= Gabriel G. Nahas =

Anesthesiologist and drug researcher

Gabriel Georges Nahas (March 4, 1920 – June 28, 2012) was an anesthesiologist known for his advocacy against marijuana use and for the illegality of drugs. He worked at Walter Reed Medical Center Columbia University and later New York University.

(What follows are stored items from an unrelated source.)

(* Consider a sequential team with a classical information structure such that additionally $\sigma(\omega_0)\subset\sigma(y^1)$. Suppose $\prod_k(\mathbb{Y}^k\times\mathbb{U}^k)$ is compact, the loss $c(\omega_0,\mathbf{u})$ is lower semi-continuous, and each measurement kernel $p_n$ is weakly continuous, i.e., $\int f(y^n)p_n(dy^n|\omega_0,u^1,\dots,u^{n-1})$ is continuous in $(\omega_0,u^1,\dots,u^{n-1})$ for every continuous and bounded $f$. Then there exists an optimal team policy which is deterministic.
   Context: Sequential team: DMs act in order $1,\dots,N$; DM $n$ observes $y^n=\eta^n(\omega,u^1,\dots,u^{n-1})\in\mathbb{Y}^n$ and chooses $u^n=\gamma^n(y^n)\in\mathbb{U}^n$ with $\gamma^n$ measurable; all spaces are standard Borel; $\omega_0$ is the cost-relevant exogenous variable and the cost is $J(\underline{\gamma})=E[c(\omega_0,\mathbf{u})]$ with $c\ge0$ measurable. The kernel $p_n$ is defined by $p_n(y^n\in\cdot|\omega_0,u^1,\dots,u^{n-1})=P(\eta^n(\omega,u^1,\dots,u^{n-1})\in\cdot\,|\,\omega_0,u^1,\dots,u^{n-1})$. The information structure is classical if $y^i$ contains all information available to DM $k$ for every $k<i$. An optimal policy attains $\inf_{\underline{\gamma}}J(\underline{\gamma})$. *)

theory Defs
  imports "HOL-Probability.Probability"
begin

definition lsc_on :: "'a::topological_space set \<Rightarrow> ('a \<Rightarrow> real) \<Rightarrow> bool" where
  "lsc_on S f \<longleftrightarrow> (\<forall>a. openin (top_of_set S) {x \<in> S. a < f x})"

text \<open>Decision makers are indexed 0,...,N-1 (DM n+1 of the paper is DM n here).
  A tuple of earlier actions (u^0,...,u^(n-1)) is an extensional function in PiE {..<n} U.\<close>
primrec acts :: "(nat \<Rightarrow> 'o \<Rightarrow> (nat \<Rightarrow> 'u) \<Rightarrow> 'y) \<Rightarrow> (nat \<Rightarrow> 'y \<Rightarrow> 'u) \<Rightarrow> 'o \<Rightarrow> nat \<Rightarrow> (nat \<Rightarrow> 'u)" where
  "acts eta gamma omega 0 = (\<lambda>k. undefined)"
| "acts eta gamma omega (Suc n) =
     (acts eta gamma omega n)(n := gamma n (eta n omega (acts eta gamma omega n)))"

definition team_policies :: "nat \<Rightarrow> (nat \<Rightarrow> 'y::topological_space set) \<Rightarrow> (nat \<Rightarrow> 'u::topological_space set)
    \<Rightarrow> (nat \<Rightarrow> 'y \<Rightarrow> 'u) set" where
  "team_policies N Y U = {gamma. \<forall>n<N. gamma n \<in> measurable (restrict_space borel (Y n)) borel
                                          \<and> (\<forall>y\<in>Y n. gamma n y \<in> U n)}"

definition team_cost :: "'o measure \<Rightarrow> ('o \<Rightarrow> 'w) \<Rightarrow> (nat \<Rightarrow> 'o \<Rightarrow> (nat \<Rightarrow> 'u) \<Rightarrow> 'y)
    \<Rightarrow> ('w \<Rightarrow> (nat \<Rightarrow> 'u) \<Rightarrow> real) \<Rightarrow> nat \<Rightarrow> (nat \<Rightarrow> 'y \<Rightarrow> 'u) \<Rightarrow> ennreal" where
  "team_cost M w0 eta c N gamma = (\<integral>\<^sup>+ omega. ennreal (c (w0 omega) (acts eta gamma omega N)) \<partial>M)"

end

theory Submission
  imports Defs
begin

text \<open>Since \<open>\<omega>\<^sub>0\<close> is a Borel function of the first observation and, in a classical
  information structure, the first observation is a Borel function of every later one, every
  decision maker knows \<open>\<omega>\<^sub>0\<close>. The team can therefore play \<open>s(\<omega>\<^sub>0)\<close>, where \<open>s(w)\<close> minimises
  \<open>c(w, \<cdot>)\<close> over the compact set of action profiles; no policy does better pointwise.
  A minimiser exists by lower semicontinuity, and a Borel choice of it is obtained by
  shrinking dyadic balls around a dense sequence, greedily keeping a minimiser inside.\<close>

lemma dense_sequenceE:
  obtains d :: "nat \<Rightarrow> 'a::{metric_space, second_countable_topology}"
  where "\<And>x e. 0 < e \<Longrightarrow> \<exists>m. dist (d m) x < e"
proof -
  obtain D :: "'a set" where "countable D" and D: "\<And>X. open X \<Longrightarrow> X \<noteq> {} \<Longrightarrow> \<exists>d\<in>D. d \<in> X"
    by (erule countable_dense_setE)
  have "\<exists>m. dist (from_nat_into D m) x < e" if e: "0 < e" for x e
  proof -
    obtain y where "y \<in> D" "y \<in> ball x e"
      using D[of "ball x e"] e by (metis centre_in_ball empty_iff open_ball)
    moreover obtain m where "from_nat_into D m = y"
      using from_nat_into_surj[OF \<open>countable D\<close> \<open>y \<in> D\<close>] by blast
    ultimately show ?thesis by (auto simp: dist_commute)
  qed
  then show ?thesis using that by blast
qed

lemma borel_measurable_factorization:
  fixes x :: "'p \<Rightarrow> 'a::polish_space" and y :: "'p \<Rightarrow> 'b::topological_space"
  assumes sub: "\<forall>A\<in>sets (borel :: 'a measure). \<exists>C\<in>sets (borel :: 'b measure).
                   \<forall>p\<in>S. x p \<in> A \<longleftrightarrow> y p \<in> C"
  obtains h where "h \<in> borel_measurable borel" "\<And>p. p \<in> S \<Longrightarrow> h (y p) = x p"
proof -
  obtain d :: "nat \<Rightarrow> 'a" where d: "\<And>a e. 0 < e \<Longrightarrow> \<exists>m. dist (d m) a < e"
    using dense_sequenceE by blast
  have "\<forall>k m. \<exists>C. C \<in> sets (borel :: 'b measure) \<and> (\<forall>p\<in>S. x p \<in> ball (d m) ((1/2)^k) \<longleftrightarrow> y p \<in> C)"
    using sub by (meson borel_open open_ball)
  then obtain C where C: "\<And>k m. C k m \<in> sets borel"
    and C_iff: "\<And>k m p. p \<in> S \<Longrightarrow> x p \<in> ball (d m) ((1/2)^k) \<longleftrightarrow> y p \<in> C k m"
    by metis
  define h_approx where "h_approx k b = d (LEAST m. b \<in> C k m)" for k b
  have h_approx_meas[measurable]: "h_approx k \<in> borel_measurable borel" for k
  proof -
    have [measurable]: "(\<lambda>b. LEAST m. b \<in> C k m) \<in> measurable borel (count_space UNIV)"
      using C by (intro measurable_Least pred_sets2[where N=borel] measurable_ident) auto
    show ?thesis unfolding h_approx_def
      by (rule measurable_compose_countable[where f="\<lambda>m b. d m"]) auto
  qed
  have h_approx_close: "dist (h_approx k (y p)) (x p) < (1/2)^k" if "p \<in> S" for k p
  proof -
    obtain m where "dist (d m) (x p) < (1/2)^k" using d[of "(1/2)^k"] by auto
    then have "y p \<in> C k m" using C_iff[OF that] by (auto simp: dist_commute)
    then have "y p \<in> C k (LEAST m. y p \<in> C k m)" by (rule LeastI)
    then have "x p \<in> ball (d (LEAST m. y p \<in> C k m)) ((1/2)^k)" using C_iff[OF that] by blast
    then show ?thesis unfolding h_approx_def by (simp add: dist_commute)
  qed
  have h_approx_lim: "(\<lambda>k. h_approx k (y p)) \<longlonglongrightarrow> x p" if "p \<in> S" for p
  proof (rule tendsto_dist_iff[THEN iffD2])
    have "(\<lambda>k. (1/2::real)^k) \<longlonglongrightarrow> 0" by (rule LIMSEQ_realpow_zero) auto
    then show "(\<lambda>k. dist (h_approx k (y p)) (x p)) \<longlonglongrightarrow> 0"
      by (rule Lim_null_comparison[rotated])
         (auto intro!: always_eventually less_imp_le h_approx_close that)
  qed
  \<comment> \<open>Off the range of y the approximants need not converge; there the limit is forced to d 0.\<close>
  define h where "h b = lim (\<lambda>k. if Cauchy (\<lambda>k. h_approx k b) then h_approx k b else d 0)" for b
  have "h \<in> borel_measurable borel"
  proof (rule borel_measurable_LIMSEQ_metric)
    fix b
    have "convergent (\<lambda>k. if Cauchy (\<lambda>k. h_approx k b) then h_approx k b else d 0)"
      by (cases "Cauchy (\<lambda>k. h_approx k b)") (auto simp: convergent_eq_Cauchy[symmetric] convergent_def)
    then show "(\<lambda>k. if Cauchy (\<lambda>k. h_approx k b) then h_approx k b else d 0) \<longlonglongrightarrow> h b"
      unfolding h_def by (rule convergent_LIMSEQ_iff[THEN iffD1])
  qed measurable
  moreover have "h (y p) = x p" if "p \<in> S" for p
    using h_approx_lim[OF that] LIMSEQ_imp_Cauchy[OF h_approx_lim[OF that]]
    unfolding h_def by (simp add: limI)
  ultimately show ?thesis using that by blast
qed

lemma borel_measurable_factorization_into:
  fixes x :: "'p \<Rightarrow> 'w::topological_space" and y :: "'p \<Rightarrow> 'b::topological_space"
    and g :: "'w \<Rightarrow> 'a::polish_space"
  assumes sub: "\<forall>A\<in>sets (borel :: 'w measure). \<exists>C\<in>sets (borel :: 'b measure).
                   \<forall>p\<in>S. x p \<in> A \<longleftrightarrow> y p \<in> C"
    and g: "g \<in> borel_measurable borel" "\<And>w. g w \<in> V"
    and V: "V \<in> sets borel" "V \<noteq> {}"
  obtains h where "h \<in> borel_measurable borel" "\<And>b. h b \<in> V" "\<And>p. p \<in> S \<Longrightarrow> h (y p) = g (x p)"
proof -
  have sub_g: "\<forall>B\<in>sets (borel :: 'a measure). \<exists>C\<in>sets (borel :: 'b measure).
                 \<forall>p\<in>S. g (x p) \<in> B \<longleftrightarrow> y p \<in> C"
  proof
    fix B :: "'a set" assume "B \<in> sets borel"
    then have "g -` B \<in> sets borel" using measurable_sets[OF g(1)] by simp
    then show "\<exists>C\<in>sets borel. \<forall>p\<in>S. g (x p) \<in> B \<longleftrightarrow> y p \<in> C"
      using sub by (metis vimage_eq)
  qed
  obtain h0 where h0: "h0 \<in> borel_measurable borel" "\<And>p. p \<in> S \<Longrightarrow> h0 (y p) = g (x p)"
    using borel_measurable_factorization[OF sub_g] by metis
  define h where "h b = (if h0 b \<in> V then h0 b else (SOME v. v \<in> V))" for b
  have "h \<in> borel_measurable borel"
    unfolding h_def using V(1) h0(1) by measurable
  moreover have "h b \<in> V" for b
    unfolding h_def using V(2) by (auto simp: some_in_eq)
  moreover have "h (y p) = g (x p)" if "p \<in> S" for p
    unfolding h_def using h0(2)[OF that] g(2) by simp
  ultimately show ?thesis using that by blast
qed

His mother Gabrielle Wolff Nahas, was French, and his father Bishara Nahas (1887-1929), was a Lebanese agricultural engineer and merchant who emigrated to the United States and then gained recognition for his timely book on King Tut-ankh-amun. The Nahas family moved from Gabriel's birthplace of Alexandria, Egypt to southern France when he was a child. An active member of the French Resistance, he was awarded the Légion d'honneur by Charles de Gaulle, the croix de guerre with three palm leaves and a star, the Medal of Freedom from US President Harry S. Truman, Ellis Island Medal of Honor from US President Ronald Reagan, was a Fulbright scholar, member of the Order of the British Empire (OBE), officer of the order of Orange-NASSAU, Medal of Honor of the Statue of Liberty, and Ph.D. from the University of Minnesota where he was a Mayo Foundation Fellow. On
June 3, 1988 Nahas received an honorary doctorate from the Faculty of Medicine at Uppsala University, Sweden
While at Walter Reed, his research on intra-operative acid base balance spurred a new protocol of patient management in the operating room. Nahas also argued against the use of cocaine for experimental purposes in human subjects.

After moving to Columbia University, his work on addiction and the health risks of controlled substances brought him fame as well as considerable opprobrium. He died in Manhattan in 2012 of a respiratory infection.